Credit Recovery: Everything You Need to Know

This is a method through which students who have failed an in-person class can remediate by taking the class’s online equivalent, so they stay on track for graduation. It was launched approximately a decade back. Online credit recovery is now widely used, with several school districts recording higher rates of graduation and corporations vying to sell their online courses to districts all over the country.  

One issue plaguing credit recovery is the fact that the quality of courses is not the same across the board. Many times, it doesn’t feature intense material and is often considered by critics to be poorer alternatives to regular in-person classes. Because schools want to witness soaring graduation rates, the weakest students in a class (those who more often than not require more explanation of materials & concepts by their instructors) are given these online courses and asked to interact with them on their own, in front of computer screens. 
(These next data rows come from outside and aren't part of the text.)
(* Let $n\ge1$ and $\mathbf t=[t_0,\dots,t_{n-1}]\in\Delta_{n-1}$. The edge weighting $c_{\mathbf t}:E_n\to\mathbb C$, $c_{\mathbf t}(ij) = (-1)^{\mathrm{par}_k(i)}\sqrt{t_k}$ for the edge $ij$ ($i\in U_n$) with $j = i\#k$, is admissible, and $U_n(c_{\mathbf t}) = U_n$.
   Context: For $n\ge1$, identify integers $0\le i<2^n$ with their $n$-digit binary representations $i=\sum_k i_k2^k$; $\mathrm{par}_k(i)=\sum_{\ell=0}^k i_\ell\bmod 2$ and $i\#k$ is $i$ with its $k$-th digit flipped. The hypercube $Q_n$ has vertex classes $U_n=\{i<2^n\mid\mathrm{par}_{n-1}(i)=0\}$, $V_n=\{j<2^n\mid \mathrm{par}_{n-1}(j)=1\}$ and edge set $E_n$ of pairs $ij$ ($i\in U_n$, $j\in V_n$, $j=i\#k$ for some $k<n$); $\mathcal N(x)$ is the set of neighbors of $x$. $\Delta_{n-1}=\{[t_0,\dots,t_{n-1}]\mid t_k\ge0,\sum t_k=1\}$. For $c:E_n\to\mathbb C$, $Q_n(c)=(U_n(c),V_n(c),E_n(c))$ is the subgraph formed by the edges with $c(ij)\ne0$ and their endpoints; $c$ is admissible if $\sum_{i\in\mathcal N(j_1)\cap\mathcal N(j_2)}c(ij_1)\overline{c(ij_2)}=\delta_{j_1j_2}$ for all $j_1,j_2\in V_n(c)$ and $\sum_{j\in\mathcal N(i_1)\cap\mathcal N(i_2)}c(i_1j)\overline{c(i_2j)}=\delta_{i_1i_2}$ for all $i_1,i_2\in U_n(c)$. *)

theory Defs
  imports Complex_Main
begin

text \<open>Vertices of Q_n are naturals i < 2^n; digit k of i is bit i k.\<close>

definition par :: "nat \<Rightarrow> nat \<Rightarrow> nat" where
  "par k i = (\<Sum>l\<le>k. if bit i l then 1 else 0) mod 2"

definition flip :: "nat \<Rightarrow> nat \<Rightarrow> nat" where
  "flip i k = flip_bit k i"

definition Uset :: "nat \<Rightarrow> nat set" where
  "Uset n = {i. i < 2^n \<and> par (n - 1) i = 0}"

definition Vset :: "nat \<Rightarrow> nat set" where
  "Vset n = {j. j < 2^n \<and> par (n - 1) j = 1}"

definition Eset :: "nat \<Rightarrow> (nat \<times> nat) set" where
  "Eset n = {(i, j). i \<in> Uset n \<and> j \<in> Vset n \<and> (\<exists>k<n. j = flip i k)}"

definition nbrs :: "nat \<Rightarrow> nat \<Rightarrow> nat set" where
  "nbrs n x = {y. y < 2^n \<and> (\<exists>k<n. y = flip x k)}"

definition simplex :: "nat \<Rightarrow> (nat \<Rightarrow> real) \<Rightarrow> bool" where
  "simplex n t \<longleftrightarrow> (\<forall>k<n. t k \<ge> 0) \<and> (\<Sum>k<n. t k) = 1"

text \<open>Edge weightings are functions on pairs (i,j), i in U_n; only values on Eset n matter.\<close>
definition Uc :: "nat \<Rightarrow> (nat \<times> nat \<Rightarrow> complex) \<Rightarrow> nat set" where
  "Uc n c = {i. \<exists>j. (i, j) \<in> Eset n \<and> c (i, j) \<noteq> 0}"

definition Vc :: "nat \<Rightarrow> (nat \<times> nat \<Rightarrow> complex) \<Rightarrow> nat set" where
  "Vc n c = {j. \<exists>i. (i, j) \<in> Eset n \<and> c (i, j) \<noteq> 0}"

definition admissible :: "nat \<Rightarrow> (nat \<times> nat \<Rightarrow> complex) \<Rightarrow> bool" where
  "admissible n c \<longleftrightarrow>
     (\<forall>j1\<in>Vc n c. \<forall>j2\<in>Vc n c.
        (\<Sum>i\<in>nbrs n j1 \<inter> nbrs n j2. c (i, j1) * cnj (c (i, j2))) = (if j1 = j2 then 1 else 0)) \<and>
     (\<forall>i1\<in>Uc n c. \<forall>i2\<in>Uc n c.
        (\<Sum>j\<in>nbrs n i1 \<inter> nbrs n i2. c (i1, j) * cnj (c (i2, j))) = (if i1 = i2 then 1 else 0))"

definition ct :: "nat \<Rightarrow> (nat \<Rightarrow> real) \<Rightarrow> nat \<times> nat \<Rightarrow> complex" where
  "ct n t e = (case e of (i, j) \<Rightarrow>
     if (i, j) \<in> Eset n then
       (let k = (THE k. k < n \<and> j = flip i k) in
          (-1) ^ par k i * complex_of_real (sqrt (t k)))
     else 0)"

end

theory Submission
  imports Defs
begin

text \<open>Up to a sign depending only on the side of the bipartition, the weight of the edge
  between x and x # k is h_k(x) = (-1)^par_k(x) sqrt t_k. Two distinct vertices of the same
  side have common neighbours only if they differ in exactly two digits a < b; then the two
  common neighbours contribute h_a(x) h_b(y) + h_b(x) h_a(y), and flipping digit a changes
  par_b but not par_a, so the two products cancel. On the diagonal the Gram sum is
  \<Sum>_k t_k = 1.\<close>

lemma bit_flip_iff: "bit (flip x a) l \<longleftrightarrow> (if l = a then \<not> bit x l else bit x l)"
  unfolding flip_def by (auto simp: bit_flip_bit_iff)

lemma flip_flip [simp]: "flip (flip x a) a = x"
  by (rule bit_eqI) (auto simp: bit_flip_iff)

lemma flip_commute: "flip (flip x a) b = flip (flip x b) a"
  by (rule bit_eqI) (auto simp: bit_flip_iff)

lemma flip_eq_flip_iff [simp]: "flip x a = flip x b \<longleftrightarrow> a = b"
  by (metis bit_flip_iff)

lemma flip_less_power: "x < 2 ^ n \<Longrightarrow> a < n \<Longrightarrow> flip x a < (2::nat) ^ n"
  unfolding flip_def by (metis take_bit_flip_bit_eq take_bit_nat_eq_self_iff not_le)

lemma flip_flip_eq_flip_flipD:
  assumes "flip (flip x a) b = flip (flip x c) d" "a \<noteq> b"
  shows "(a = c \<and> b = d) \<or> (a = d \<and> b = c)"
proof -
  have "((l = a) \<noteq> (l = b)) = ((l = c) \<noteq> (l = d))" for l
    using arg_cong[OF assms(1), of "\<lambda>z. bit z l"] by (auto simp: bit_flip_iff split: if_splits)
  from this[of a] this[of b] this[of c] assms(2) show ?thesis by blast
qed

lemma minus_one_power_par: "(-1::'a::comm_ring_1) ^ par k x = (\<Prod>l\<le>k. if bit x l then -1 else 1)"
proof -
  have "(-1::'a) ^ par k x = (-1) ^ (\<Sum>l\<le>k. if bit x l then 1 else 0::nat)"
    unfolding par_def by (simp add: minus_one_power_iff)
  then show ?thesis
    by (simp add: power_sum if_distrib cong: if_cong)
qed

lemma minus_one_power_par_flip:
  "(-1::'a::comm_ring_1) ^ par k (flip x m) = (if m \<le> k then - ((-1) ^ par k x) else (-1) ^ par k x)"
proof (cases "m \<le> k")
  case True
  let ?s = "\<lambda>y l. if bit y l then -1 else 1::'a"
  have rest: "(\<Prod>l\<in>{..k} - {m}. ?s (flip x m) l) = (\<Prod>l\<in>{..k} - {m}. ?s x l)"
    by (rule prod.cong) (auto simp: bit_flip_iff)
  have "(\<Prod>l\<le>k. ?s (flip x m) l) = ?s (flip x m) m * (\<Prod>l\<in>{..k} - {m}. ?s (flip x m) l)"
    using True by (intro prod.remove) auto
  also have "\<dots> = - (?s x m * (\<Prod>l\<in>{..k} - {m}. ?s x l))"
    unfolding rest by (simp add: bit_flip_iff)
  also have "?s x m * (\<Prod>l\<in>{..k} - {m}. ?s x l) = (\<Prod>l\<le>k. ?s x l)"
    using True by (intro prod.remove[symmetric]) auto
  finally show ?thesis
    using True by (simp add: minus_one_power_par)
next
  case False
  then show ?thesis
    by (auto simp: minus_one_power_par bit_flip_iff intro!: prod.cong)
qed

lemma par_less_2: "par k x < 2"
  unfolding par_def by simp

lemma par_flip_of_le: "m \<le> k \<Longrightarrow> par k (flip x m) = 1 - par k x"
  using minus_one_power_par_flip[where 'a = int, of k x m] par_less_2[of k x]
    par_less_2[of k "flip x m"]
  by (auto simp: minus_one_power_iff less_2_cases_iff)

lemma flip_in_Vset_iff:
  assumes "x < 2 ^ n" "a < n"
  shows "flip x a \<in> Vset n \<longleftrightarrow> x \<in> Uset n"
  using assms flip_less_power[OF assms] par_flip_of_le[of a "n - 1" x] par_less_2[of "n - 1" x]
  unfolding Uset_def Vset_def by auto

lemma flip_in_Uset_iff:
  assumes "x < 2 ^ n" "a < n"
  shows "flip x a \<in> Uset n \<longleftrightarrow> x \<in> Vset n"
  using flip_in_Vset_iff[OF flip_less_power[OF assms] assms(2)] by simp

lemma Uset_less_power: "x \<in> Uset n \<Longrightarrow> x < 2 ^ n"
  unfolding Uset_def by simp

lemma Vset_less_power: "x \<in> Vset n \<Longrightarrow> x < 2 ^ n"
  unfolding Vset_def by simp

lemma Uc_subset_Uset: "Uc n c \<subseteq> Uset n"
  unfolding Uc_def Eset_def by auto

lemma Vc_subset_Vset: "Vc n c \<subseteq> Vset n"
  unfolding Vc_def Eset_def by auto

definition hweight :: "(nat \<Rightarrow> real) \<Rightarrow> nat \<Rightarrow> nat \<Rightarrow> real" where
  "hweight t x k = (-1) ^ par k x * sqrt (t k)"

lemma ct_Uset:
  assumes "i \<in> Uset n" "k < n"
  shows "ct n t (i, flip i k) = complex_of_real (hweight t i k)"
proof -
  have "(i, flip i k) \<in> Eset n"
    using assms flip_in_Vset_iff Uset_less_power unfolding Eset_def by blast
  moreover have "(THE k'. k' < n \<and> flip i k = flip i k') = k"
    using assms(2) by (intro the_equality) auto
  ultimately show ?thesis
    by (simp add: ct_def hweight_def)
qed

lemma ct_Vset:
  assumes "j \<in> Vset n" "k < n"
  shows "ct n t (flip j k, j) = - complex_of_real (hweight t j k)"
  using ct_Uset[of "flip j k" n k t] assms
  by (simp add: flip_in_Uset_iff Vset_less_power hweight_def minus_one_power_par_flip)

lemma hweight_square: "t k \<ge> 0 \<Longrightarrow> hweight t x k * hweight t x k = t k"
  by (simp add: hweight_def minus_one_power_iff)

lemma hweight_flip_flip_cancel:
  assumes "a \<noteq> b"
  shows "hweight t x a * hweight t (flip (flip x a) b) b
       + hweight t x b * hweight t (flip (flip x a) b) a = 0"
proof -
  have "(-1::real) ^ par a x * (-1) ^ par b (flip (flip x a) b)
      = - ((-1) ^ par b x * (-1) ^ par a (flip (flip x a) b))"
    using assms by (simp add: minus_one_power_par_flip flip_commute[of x a b])
  then show ?thesis
    unfolding hweight_def by (simp add: algebra_simps)
qed

lemma nbrs_eq_image: "x < 2 ^ n \<Longrightarrow> nbrs n x = flip x ` {..<n}"
  unfolding nbrs_def using flip_less_power by auto

lemma common_nbrD:
  assumes "z \<in> nbrs n x" "z \<in> nbrs n y" "x \<noteq> y"
  obtains a b where "a < n" "b < n" "a \<noteq> b" "y = flip (flip x a) b" "z = flip x a"
proof -
  obtain a b where "a < n" "b < n" "z = flip x a" "z = flip y b"
    using assms(1,2) unfolding nbrs_def by auto
  moreover from this have "y = flip (flip x a) b"
    by (metis flip_flip)
  ultimately show ?thesis
    using that assms(3) by fastforce
qed

lemma nbrs_Int_nbrs_flip_flip:
  assumes "x < 2 ^ n" "a < n" "b < n" "a \<noteq> b"
  shows "nbrs n x \<inter> nbrs n (flip (flip x a) b) = {flip x a, flip x b}"
proof
  show "nbrs n x \<inter> nbrs n (flip (flip x a) b) \<subseteq> {flip x a, flip x b}"
  proof
    fix z
    assume z: "z \<in> nbrs n x \<inter> nbrs n (flip (flip x a) b)"
    have "flip (flip x a) b \<noteq> x"
      using assms(4) by (metis flip_flip flip_eq_flip_iff)
    with z obtain c d where "flip (flip x a) b = flip (flip x c) d" "z = flip x c"
      by (auto elim: common_nbrD)
    then show "z \<in> {flip x a, flip x b}"
      using flip_flip_eq_flip_flipD[OF _ assms(4)] by blast
  qed
  have "flip x a = flip (flip (flip x a) b) b" "flip x b = flip (flip (flip x a) b) a"
    by (metis flip_flip flip_commute)+
  then show "{flip x a, flip x b} \<subseteq> nbrs n x \<inter> nbrs n (flip (flip x a) b)"
    using assms flip_less_power unfolding nbrs_def by blast
qed

lemma simplex_sum_eq_1: "simplex n t \<Longrightarrow> (\<Sum>k<n. t k) = 1"
  unfolding simplex_def by simp

lemma simplex_nonneg: "simplex n t \<Longrightarrow> k < n \<Longrightarrow> t k \<ge> 0"
  unfolding simplex_def by simp

lemma simplex_ex_pos:
  assumes "simplex n t"
  obtains k where "k < n" "t k > 0"
proof (rule ccontr)
  assume "\<not> thesis"
  then have "(\<Sum>k<n. t k) \<le> 0"
    using that by (intro sum_nonpos) force
  then show False
    using simplex_sum_eq_1[OF assms] by simp
qed

text \<open>The unit \<epsilon> absorbs the side-dependent sign: it is 1 for x, y \<in> U_n and -1 for
  x, y \<in> V_n, where the edge to j # k carries the parity of j # k rather than of j.\<close>

lemma gram_sum_hweight:
  fixes g :: "nat \<Rightarrow> nat \<Rightarrow> complex"
  assumes t: "simplex n t" and xy: "x < 2 ^ n" "y < 2 ^ n" and unit: "\<epsilon> * cnj \<epsilon> = 1"
    and gx: "\<And>k. k < n \<Longrightarrow> g x (flip x k) = \<epsilon> * of_real (hweight t x k)"
    and gy: "\<And>k. k < n \<Longrightarrow> g y (flip y k) = \<epsilon> * of_real (hweight t y k)"
  shows "(\<Sum>z\<in>nbrs n x \<inter> nbrs n y. g x z * cnj (g y z)) = (if x = y then 1 else 0)"
proof -
  have g_mult_cnj: "g x (flip x a) * cnj (g y (flip y b)) = of_real (hweight t x a * hweight t y b)"
    if "a < n" "b < n" for a b
  proof -
    have "g x (flip x a) * cnj (g y (flip y b))
        = (\<epsilon> * cnj \<epsilon>) * of_real (hweight t x a * hweight t y b)"
      using that by (simp add: gx gy)
    then show ?thesis
      using unit by simp
  qed
  consider "x = y"
    | a b where "a < n" "b < n" "a \<noteq> b" "y = flip (flip x a) b"
    | "x \<noteq> y" "nbrs n x \<inter> nbrs n y = {}"
    by (metis common_nbrD disjoint_iff)
  then show ?thesis
  proof cases
    case 1
    have "inj_on (flip x) {..<n}"
      by (simp add: inj_on_def)
    then have "(\<Sum>z\<in>nbrs n x \<inter> nbrs n y. g x z * cnj (g y z))
        = (\<Sum>k<n. g x (flip x k) * cnj (g y (flip y k)))"
      using 1 xy by (simp add: nbrs_eq_image sum.reindex)
    also have "\<dots> = of_real (\<Sum>k<n. t k)"
      unfolding of_real_sum
      using g_mult_cnj 1
      by (intro sum.cong) (simp_all add: hweight_square simplex_nonneg[OF t] flip: of_real_mult)
    finally show ?thesis
      using 1 t by (simp add: simplex_sum_eq_1)
  next
    case 2
    then have "x \<noteq> y"
      by (metis flip_flip flip_eq_flip_iff)
    have flips: "flip y b = flip x a" "flip y a = flip x b"
      using 2 by (metis flip_flip flip_commute)+
    have "nbrs n x \<inter> nbrs n y = {flip x a, flip x b}"
      using 2 xy by (simp add: nbrs_Int_nbrs_flip_flip)
    then have "(\<Sum>z\<in>nbrs n x \<inter> nbrs n y. g x z * cnj (g y z))
        = g x (flip x a) * cnj (g y (flip y b)) + g x (flip x b) * cnj (g y (flip y a))"
      using 2(3) by (simp add: flips)
    also have "\<dots> = of_real (hweight t x a * hweight t y b + hweight t x b * hweight t y a)"
      using 2(1,2) by (simp add: g_mult_cnj)
    also have "\<dots> = 0"
      using 2(3,4) by (simp add: hweight_flip_flip_cancel)
    finally show ?thesis
      using \<open>x \<noteq> y\<close> by simp
  next
    case 3
    then show ?thesis by simp
  qed
qed

theorem proposition4p8:
  fixes n :: nat and t :: "nat \<Rightarrow> real"
  assumes "n \<ge> 1" and "simplex n t"
  shows "admissible n (ct n t) \<and> Uc n (ct n t) = Uset n"
proof -
  have U: "(\<Sum>j\<in>nbrs n i1 \<inter> nbrs n i2. ct n t (i1, j) * cnj (ct n t (i2, j)))
      = (if i1 = i2 then 1 else 0)" if "i1 \<in> Uset n" "i2 \<in> Uset n" for i1 i2
    using that assms(2)
    by (intro gram_sum_hweight[where g = "\<lambda>i j. ct n t (i, j)" and \<epsilon> = 1])
      (simp_all add: Uset_less_power ct_Uset)
  have V: "(\<Sum>i\<in>nbrs n j1 \<inter> nbrs n j2. ct n t (i, j1) * cnj (ct n t (i, j2)))
      = (if j1 = j2 then 1 else 0)" if "j1 \<in> Vset n" "j2 \<in> Vset n" for j1 j2
    using that assms(2)
    by (intro gram_sum_hweight[where g = "\<lambda>j i. ct n t (i, j)" and \<epsilon> = "-1"])
      (simp_all add: Vset_less_power ct_Vset)
  have "Uset n \<subseteq> Uc n (ct n t)"
  proof
    fix i
    assume i: "i \<in> Uset n"
    obtain k where k: "k < n" "t k > 0"
      using simplex_ex_pos[OF assms(2)] .
    then have "(i, flip i k) \<in> Eset n" "ct n t (i, flip i k) \<noteq> 0"
      using i flip_in_Vset_iff Uset_less_power by (auto simp: Eset_def ct_Uset hweight_def)
    then show "i \<in> Uc n (ct n t)"
      unfolding Uc_def by blast
  qed
  then show ?thesis
    using U V Uc_subset_Uset Vc_subset_Vset unfolding admissible_def by blast
qed

end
An alarming review published by the Atlanta Journal-Constitution in Georgia discovered that a meager 10% of students who pass their online credit recovery classes were able to show sufficient aptitude in related areas on standardized tests organized by the state. Hence, while credit recovery has proven to increase graduation rates, its effect on students’ career readiness and their overall learning process is particularly questionable. 

The review of credit recovery isn’t all bad: when they are competency-based, and students have to demonstrate a crucial understanding of the relevant subject matter before they can move to the next level, these programs are helpful. It is logical that since these programs are hinged on mastery as opposed to simply completing the course, they are an excellent method of delivering credit recovery programs.